[[ Data section, beginning ]]

(* Let $M,t\ge 1$ be integers and $n=Mt$. Let $S_1,\dots,S_t\subseteq U$ be finite sets with $|S_k|\le M$ for every $k$, and let $x\in S_1\cap\dots\cap S_t$. In the single-table hashing model: 1. For every $p\in[0,1]$, $\Pr[x \text{ is placed in the tables of all } S_1,\dots,S_t \mid H(x)=p]\ge e^{-p}$. 2. Consequently, the probability that $x$ fails to be placed in the table of at least one $S_k$ is at most $\int_0^1(1-e^{-p})\,dp=e^{-1}$. 3. If $m$ tables are built with mutually independent pairs $(h_1,H_1),\dots,(h_m,H_m)$, each pair distributed as in the model, then the probability that in every one of the $m$ tables $x$ fails to be placed in the table of at least one $S_k$ is at most $e^{-m}$. In particular, for $m=28$ this is at most $2^{-40}$.
   Context: Single-table hashing model. Let $U$ be a universe of elements and let $n=Mt$ bins, indexed by $[n]=\{1,\dots,n\}$. The mapping hash $h:U\to[n]$ is a uniformly random function. The ordering hash $H:U\to[0,1]$ is a random function whose values are i.i.d. uniform on $[0,1]$, and $H$ is independent of $h$. For a finite set $S\subseteq U$ and an element $x\in S$, we say $x$ is placed in the table of $S$ if every $s\in S\setminus\{x\}$ with $h(s)=h(x)$ satisfies $H(s)>H(x)$. Equivalently, among all elements of $S$ that map to bin $h(x)$, only the one with the smallest $H$-value is stored, and it is stored in that bin. All $t$ sets use the same $h$ and $H$ within one table. *)

theory Defs
  imports "HOL-Probability.Probability"
begin

definition hash_space :: "nat \<Rightarrow> ('a \<Rightarrow> nat) measure" where
  "hash_space n = PiM UNIV (\<lambda>_. uniform_count_measure {1..n})"

definition order_space :: "('a \<Rightarrow> real) measure" where
  "order_space = PiM UNIV (\<lambda>_. uniform_measure lborel {0..1::real})"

[[ Data section, end ]]

Please give the number of lines in the listing that hold "every", and no other text.

Response for this exercise: 2